(* Let $\mathbb{A}$ be a 2-category having the two-dimensional kernel diagram of a 1-cell $l$. Then: (1) $l$ is a co-Kleisli morphism if and only if $l$ has a left adjoint and $l$ is an effective op-faithful morphism; (2) $l$ is a Kleisli morphism if and only if $l$ has a right adjoint and $l$ is an effective op-faithful morphism.
   Context: A 2-category is a $\mathbf{Cat}$-enriched category; composition of 1-cells is juxtaposition, vertical composition of 2-cells is $\cdot$, horizontal composition is $\ast$, $\mathrm{id}_f$ is the identity 2-cell on $f$. $\mathbb{A}^{\mathrm{op}}$, $\mathbb{A}^{\mathrm{coop}}$ are obtained from $\mathbb{A}$ by reversing 1-cells, resp. both 1-cells and 2-cells. A 1-cell is an equivalence if it has a pseudo-inverse up to invertible 2-cells. Adjunctions (in $\mathbb{A}$) are given by unit and counit 2-cells satisfying the triangle identities. For a 1-cell $p:e\to b$ of a 2-category $\mathbb{B}$: an opcomma object of $p$ along itself is $b\uparrow_pb$ with $\delta^0,\delta^1:b\to b\uparrow_pb$, $\alpha:\delta^1p\Rightarrow\delta^0p$ such that for every $y$, $h\mapsto(h\delta^0,h\delta^1,\mathrm{id}_h\ast\alpha)$ is an isomorphism from $\mathbb{B}(b\uparrow_pb,y)$ onto the category of triples $(h_0,h_1:b\to y,\beta:h_1p\Rightarrow h_0p)$ with morphisms pairs $(\xi_0,\xi_1)$ with $(\xi_0\ast\mathrm{id}_p)\cdot\beta=\beta'\cdot(\xi_1\ast\mathrm{id}_p)$. A two-dimensional pushout of a span $f_0,f_1$ is $P$ with $q_0,q_1$, $q_0f_0=q_1f_1$, such that $k\mapsto(kq_0,kq_1)$ is an isomorphism from $\mathbb{B}(P,y)$ onto pairs $(k_0,k_1)$ with $k_0f_0=k_1f_1$ (morphisms pairs of 2-cells $(\xi_0,\xi_1)$ with $\xi_0\ast\mathrm{id}_{f_0}=\xi_1\ast\mathrm{id}_{f_1}$). $\mathbb{B}$ has the two-dimensional cokernel diagram of $p$ if it has $b\uparrow_pb$ and a two-dimensional pushout $b\uparrow_pb\uparrow_pb$ of $(\delta^0,\delta^1)$ with $D^0,D^2$, $D^2\delta^0=D^0\delta^1$; $D^1$ is the unique 1-cell with $D^1\delta^1=D^2\delta^1$, $D^1\delta^0=D^0\delta^0$, $\mathrm{id}_{D^1}\ast\alpha=(\mathrm{id}_{D^0}\ast\alpha)\cdot(\mathrm{id}_{D^2}\ast\alpha)$; $s^0$ is unique with $s^0\delta^0=s^0\delta^1=\mathrm{id}_b$, $\mathrm{id}_{s^0}\ast\alpha=\mathrm{id}_p$. $\mathrm{Desc}_p(y)$: pairs $(h:y\to b,\beta:\delta^1h\Rightarrow\delta^0h)$ with $(\mathrm{id}_{D^0}\ast\beta)\cdot(\mathrm{id}_{D^2}\ast\beta)=\mathrm{id}_{D^1}\ast\beta$, $\mathrm{id}_{s^0}\ast\beta=\mathrm{id}_h$, morphisms $\xi:h_1\Rightarrow h_0$ with $\beta_0\cdot(\mathrm{id}_{\delta^1}\ast\xi)=(\mathrm{id}_{\delta^0}\ast\xi)\cdot\beta_1$; a lax descent object is $L$, $d:L\to b$, $\Psi:\delta^1d\Rightarrow\delta^0d$ with $g\mapsto(dg,\Psi\ast\mathrm{id}_g)$ an isomorphism $\mathbb{B}(y,L)\cong\mathrm{Desc}_p(y)$ for all $y$; $p^H$ is unique with $dp^H=p$, $\Psi\ast\mathrm{id}_{p^H}=\alpha$. $p$ is effective faithful in $\mathbb{B}$ if $\mathbb{B}$ has the two-dimensional cokernel diagram of $p$, a lax descent object of it, and $p^H$ is an equivalence. The codensity monad of $p$ is $(b,t,m,\eta)$ from a right Kan extension $(t,\gamma)$ of $p$ along $p$ (i.e. $\gamma:tp\Rightarrow p$ with $\beta\mapsto\gamma\cdot(\beta\ast\mathrm{id}_p)$ bijective from 2-cells $k\Rightarrow t$ to 2-cells $kp\Rightarrow p$), $m$ unique with $\gamma\cdot(m\ast\mathrm{id}_p)=\gamma\cdot(\mathrm{id}_t\ast\gamma)$, $\eta$ unique with $\gamma\cdot(\eta\ast\mathrm{id}_p)=\mathrm{id}_p$. An Eilenberg–Moore object is $b^{\mathsf{T}}$ with $u$, $\mu:tu\Rightarrow u$ such that $g\mapsto(ug,\mu\ast\mathrm{id}_g)$ is an isomorphism onto the category of pairs $(h,\beta:th\Rightarrow h)$ with $\beta\cdot(\mathrm{id}_t\ast\beta)=\beta\cdot(m\ast\mathrm{id}_h)$, $\beta\cdot(\eta\ast\mathrm{id}_h)=\mathrm{id}_h$ (morphisms $\xi$ with $\xi\cdot\beta_1=\beta_0\cdot(\mathrm{id}_t\ast\xi)$). $p$ is monadic in $\mathbb{B}$ if it has a codensity monad with an Eilenberg–Moore object and the unique $p^{\mathsf{T}}$ with $up^{\mathsf{T}}=p$, $\mu\ast\mathrm{id}_{p^{\mathsf{T}}}=\gamma$ is an equivalence. Duals in $\mathbb{A}$: the two-dimensional kernel diagram of $l$ is its two-dimensional cokernel diagram in $\mathbb{A}^{\mathrm{op}}$; $l$ is effective op-faithful if it is effective faithful in $\mathbb{A}^{\mathrm{op}}$; $l$ is a Kleisli morphism if it is monadic in $\mathbb{A}^{\mathrm{op}}$, and a co-Kleisli morphism if it is monadic in $\mathbb{A}^{\mathrm{coop}}$. *)

theory Defs
  imports Main
begin
lemma extension_eq:
  assumes x: "x \<in> topspace X" and g: "g \<in> topspace TG" and gx: "actX g x \<in> C"
  shows "extension x = actY (i g) (f (actX g x))"
proof -
  obtain h where h: "h \<in> topspace TG" "actX h x \<in> C"
    and ext: "extension x = actY (i h) (f (actX h x))"
    using someI_ex[OF transversal_exists[OF x, unfolded Bex_def]] by (auto simp: extension_def Let_def)
  define c where "c = actX h x"
  have c: "c \<in> C" "c \<in> topspace X"
    using h C_subset by (auto simp: c_def)
  have g_to_c: "actX g x = c"
    using transversal_unique[OF x g h(1) gx h(2)] by (simp add: c_def)
  have "actX (m g (i h)) c = actX g (actX (i h) (actX h x))"
    using act_mult[OF G_space_X g inv_closed[OF h(1)] c(2)] by (simp add: c_def)
  also have "\<dots> = c"
    using act_inv_act[OF G_space_X h(1) x] g_to_c by simp
  finally have "m g (i h) \<in> stabilizer TG actX c"
    unfolding stabilizer_def using mult_closed[OF g inv_closed[OF h(1)]] by simp
  then have fixes_fc: "actY (m g (i h)) (f c) = f c"
    using stabilizer_subset c(1) unfolding stabilizer_def by blast
  have fc: "f c \<in> topspace Y" "actY (i h) (f c) \<in> topspace Y"
    using f_maps c(1) act_closed[OF G_space_Y inv_closed[OF h(1)]] by auto
  have "actY (i g) (f c) = actY (i g) (actY g (actY (i h) (f c)))"
    using fixes_fc act_mult[OF G_space_Y g inv_closed[OF h(1)] fc(1)] by simp
  also have "\<dots> = actY (i h) (f c)"
    using act_inv_act[OF G_space_Y g fc(2)] .
  finally show ?thesis
    using ext g_to_c by (simp add: c_def)
qed

lemma extension_restrict:
  assumes "c \<in> C"
  shows "extension c = f c"
proof -
  have "c \<in> topspace X" "f c \<in> topspace Y"
    using assms C_subset f_maps by auto
  then show ?thesis
    using extension_eq[OF _ unit_closed] assms
    by (simp add: act_unit[OF G_space_X] act_unit[OF G_space_Y] inv_unit)
qed

lemma extension_in_topspace:
  assumes x: "x \<in> topspace X"
  shows "extension x \<in> topspace Y"
proof -
  obtain g where g: "g \<in> topspace TG" "actX g x \<in> C"
    using transversal_exists[OF x] by blast
  then have "f (actX g x) \<in> topspace Y"
    using f_maps by blast
  then show ?thesis
    using extension_eq[OF x g] act_closed[OF G_space_Y inv_closed[OF g(1)]] by simp
qed

lemma extension_equivariant: "equivariant TG X actX actY extension"
  unfolding equivariant_def
proof (intro ballI)
  fix g x assume g: "g \<in> topspace TG" and x: "x \<in> topspace X"
  obtain h where h: "h \<in> topspace TG" "actX h x \<in> C"
    using transversal_exists[OF x] by blast
  have hg: "m h (i g) \<in> topspace TG"
    using mult_closed[OF h(1) inv_closed[OF g]] .
  have "actX (m h (i g)) (actX g x) = actX h x"
    using act_mult[OF G_space_X h(1) inv_closed[OF g] act_closed[OF G_space_X g x]]
      act_inv_act[OF G_space_X g x] by simp
  then have "extension (actX g x) = actY (i (m h (i g))) (f (actX h x))"
    using extension_eq[OF act_closed[OF G_space_X g x] hg] h(2) by simp
  also have "\<dots> = actY g (actY (i h) (f (actX h x)))"
    using act_mult[OF G_space_Y g inv_closed[OF h(1)]] f_maps h(2) inv_mult[OF h(1) inv_closed[OF g]]
      inv_inv[OF g] by (simp add: image_subset_iff)
  also have "\<dots> = actY g (extension x)"
    using extension_eq[OF x h] by simp
  finally show "extension (actX g x) = actY g (extension x)" .
qed

lemma extension_unique:
  assumes "equivariant TG X actX actY F" and "\<forall>c\<in>C. F c = f c" and x: "x \<in> topspace X"
  shows "F x = extension x"
proof -
  obtain h where h: "h \<in> topspace TG" "actX h x \<in> C"
    using transversal_exists[OF x] by blast
  have "F x = F (actX (i h) (actX h x))"
    using act_inv_act[OF G_space_X h(1) x] by simp
  also have "\<dots> = actY (i h) (f (actX h x))"
    using assms(1,2) h inv_closed C_subset unfolding equivariant_def by auto
  also have "\<dots> = extension x"
    using extension_eq[OF x h] by simp
  finally show ?thesis .
qed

• What the task asks
Please write out, exactly as they appear, the lines from the line containing "g))) (f (actX" through the last line of the records above, both included.

• Written answer
  then have "extension (actX g x) = actY (i (m h (i g))) (f (actX h x))"
    using extension_eq[OF act_closed[OF G_space_X g x] hg] h(2) by simp
  also have "\<dots> = actY g (actY (i h) (f (actX h x)))"
    using act_mult[OF G_space_Y g inv_closed[OF h(1)]] f_maps h(2) inv_mult[OF h(1) inv_closed[OF g]]
      inv_inv[OF g] by (simp add: image_subset_iff)
  also have "\<dots> = actY g (extension x)"
    using extension_eq[OF x h] by simp
  finally show "extension (actX g x) = actY g (extension x)" .
qed

lemma extension_unique:
  assumes "equivariant TG X actX actY F" and "\<forall>c\<in>C. F c = f c" and x: "x \<in> topspace X"
  shows "F x = extension x"
proof -
  obtain h where h: "h \<in> topspace TG" "actX h x \<in> C"
    using transversal_exists[OF x] by blast
  have "F x = F (actX (i h) (actX h x))"
    using act_inv_act[OF G_space_X h(1) x] by simp
  also have "\<dots> = actY (i h) (f (actX h x))"
    using assms(1,2) h inv_closed C_subset unfolding equivariant_def by auto
  also have "\<dots> = extension x"
    using extension_eq[OF x h] by simp
  finally show ?thesis .
qed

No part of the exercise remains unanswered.